What's the world coming to!!!

(The link is to a news article, not porn! :googly: )

http://www.azstarnet.com/sn/fromcomments/278448.php


----------



## RoxyBlue (Oct 6, 2008)

LOL, sounds like the viewers who complained were more upset about missing part of the game than seeing graphic porn


----------



## Spooky1 (Aug 25, 2008)

How come my programs never get interrupted by something interesting like that?


----------



## RoxyBlue (Oct 6, 2008)

And I'll bet it was more entertaining than the half-time show, too.


----------



## Terrormaster (Sep 27, 2007)

Ya know thats funny. Was on Twitter last night during the game and Wil Wheaton swore the announcers were watching porn - Madden just kept talking about penetration and the kept referencing how big the guys on the field were. I told him those guys just weren't watching the same game we were. Now I believe it.


----------



## pyro (Oct 7, 2006)

Ms.
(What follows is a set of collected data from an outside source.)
(* For $w \in Y_b$ and $\theta \in C_0^\infty(\mathbb{R})$, $\big\|\theta(t)\int_0^t S(t-t')w(\cdot,t')\,dt'\big\|_{X_b} \leq C\|w\|_{Y_b}$, with $C$ independent of $w$.
   Context: $S(t)$ is the group $e^{-t\partial_x^3}$, $S(t)\phi(x) = \int e^{i(x\xi+t\xi^3)}\hat\phi(\xi)d\xi$. With the Fourier inversion $w(x,t)=\iint e^{i(x\xi+t\lambda)}\hat w(\xi,\lambda)d\xi d\lambda$ (constants immaterial), the Duhamel term is $\int_0^t S(t-t')w(\cdot,t')dt' = \iint e^{ix\xi}\frac{e^{it\lambda}-e^{it\xi^3}}{i(\lambda-\xi^3)}\hat w(\xi,\lambda)d\xi d\lambda$. Fix $\frac12 < \alpha < \frac23$ and $0<b<\frac12$. For $F\in\mathcal{S}'(\mathbb{R}^2)$ with space-time Fourier transform $\hat F$: $\|F\|_{X_b} = \big(\iint(1+|\lambda-\xi^3|)^{2b}|\hat F|^2d\xi d\lambda\big)^{1/2} + \big(\iint_{|\xi|<1}(1+|\lambda|)^{2\alpha}|\hat F|^2d\xi d\lambda\big)^{1/2}$; $\|F\|_{Y_b} = \big(\iint\frac{|\hat F|^2}{(1+|\lambda-\xi^3|)^{2b}}d\xi d\lambda\big)^{1/2} + \big(\iint_{|\xi|<1}\frac{|\hat F|^2}{(1+|\lambda|)^{2(1-\alpha)}}d\xi d\lambda\big)^{1/2} + \big(\int\big(\int\frac{|\hat F(\xi,\lambda)|}{1+|\lambda-\xi^3|}d\lambda\big)^2 d\xi\big)^{1/2}$. $X_b$, $Y_b$ are the spaces where these norms are finite. *)

theory Defs
  imports "HOL-Analysis.Analysis"
begin

definition smooth_fun :: "(real \<Rightarrow> real) \<Rightarrow> bool" where
  "smooth_fun f \<longleftrightarrow> (\<forall>n x. ((deriv ^^ n) f) differentiable (at x))"

definition C0_infty :: "(real \<Rightarrow> real) \<Rightarrow> bool" where
  "C0_infty f \<longleftrightarrow> smooth_fun f \<and> bounded {t. f t \<noteq> 0}"

definition enn_sqrt :: "ennreal \<Rightarrow> ennreal" where
  "enn_sqrt I = (if I = \<infinity> then \<infinity> else ennreal (sqrt (enn2real I)))"

text \<open>Norms, expressed through the space-time Fourier transform Fh (xi, lambda)
  (first argument xi, second argument lambda).\<close>
definition Xb_norm :: "real \<Rightarrow> real \<Rightarrow> (real \<Rightarrow> real \<Rightarrow> complex) \<Rightarrow> ennreal" where
  "Xb_norm \<alpha> b Fh =
     enn_sqrt (\<integral>\<^sup>+ \<xi>. \<integral>\<^sup>+ lam. ennreal ((1 + \<bar>lam - \<xi>^3\<bar>) powr (2*b) * (cmod (Fh \<xi> lam))\<^sup>2) \<partial>lborel \<partial>lborel)
   + enn_sqrt (\<integral>\<^sup>+ \<xi>. indicator {-1<..<1} \<xi> *
        (\<integral>\<^sup>+ lam. ennreal ((1 + \<bar>lam\<bar>) powr (2*\<alpha>) * (cmod (Fh \<xi> lam))\<^sup>2) \<partial>lborel) \<partial>lborel)"

definition Yb_norm :: "real \<Rightarrow> real \<Rightarrow> (real \<Rightarrow> real \<Rightarrow> complex) \<Rightarrow> ennreal" where
  "Yb_norm \<alpha> b Fh =
     enn_sqrt (\<integral>\<^sup>+ \<xi>. \<integral>\<^sup>+ lam. ennreal ((cmod (Fh \<xi> lam))\<^sup>2 / (1 + \<bar>lam - \<xi>^3\<bar>) powr (2*b)) \<partial>lborel \<partial>lborel)
   + enn_sqrt (\<integral>\<^sup>+ \<xi>. indicator {-1<..<1} \<xi> *
        (\<integral>\<^sup>+ lam. ennreal ((cmod (Fh \<xi> lam))\<^sup>2 / (1 + \<bar>lam\<bar>) powr (2*(1-\<alpha>))) \<partial>lborel) \<partial>lborel)
   + enn_sqrt (\<integral>\<^sup>+ \<xi>. (\<integral>\<^sup>+ lam. ennreal (cmod (Fh \<xi> lam) / (1 + \<bar>lam - \<xi>^3\<bar>)) \<partial>lborel)\<^sup>2 \<partial>lborel)"

text \<open>Spatial Fourier transform (in x, at frequency xi) of the Duhamel term
  u(x,t) = int_0^t S(t-t') w(.,t') dt', written in terms of the space-time
  Fourier transform wh of w:  uh(xi,t) = int (e^{it lambda} - e^{it xi^3}) / (i(lambda - xi^3)) wh(xi,lambda) dlambda.\<close>
definition duhamel_x_hat :: "(real \<Rightarrow> real \<Rightarrow> complex) \<Rightarrow> real \<Rightarrow> real \<Rightarrow> complex" where
  "duhamel_x_hat wh \<xi> t =
     (LINT lam|lborel. (exp (\<i> * complex_of_real (t*lam)) - exp (\<i> * complex_of_real (t*\<xi>^3)))
                      / (\<i> * complex_of_real (lam - \<xi>^3)) * wh \<xi> lam)"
Wicked said:


> ...by a porn feed!
> 
> What's the world coming to!!!
> 
> ...


  funny you would mention this


----------



## Sickie Ickie (Jun 20, 2006)

hmmmmmmmmmmm...according to the news article, the "graphic act" sounded like fun.


----------



## Hauntiholik (May 17, 2006)

pyro said:


> funny you would mention this


I wasn't the only one thinking this. Hehehehe!


----------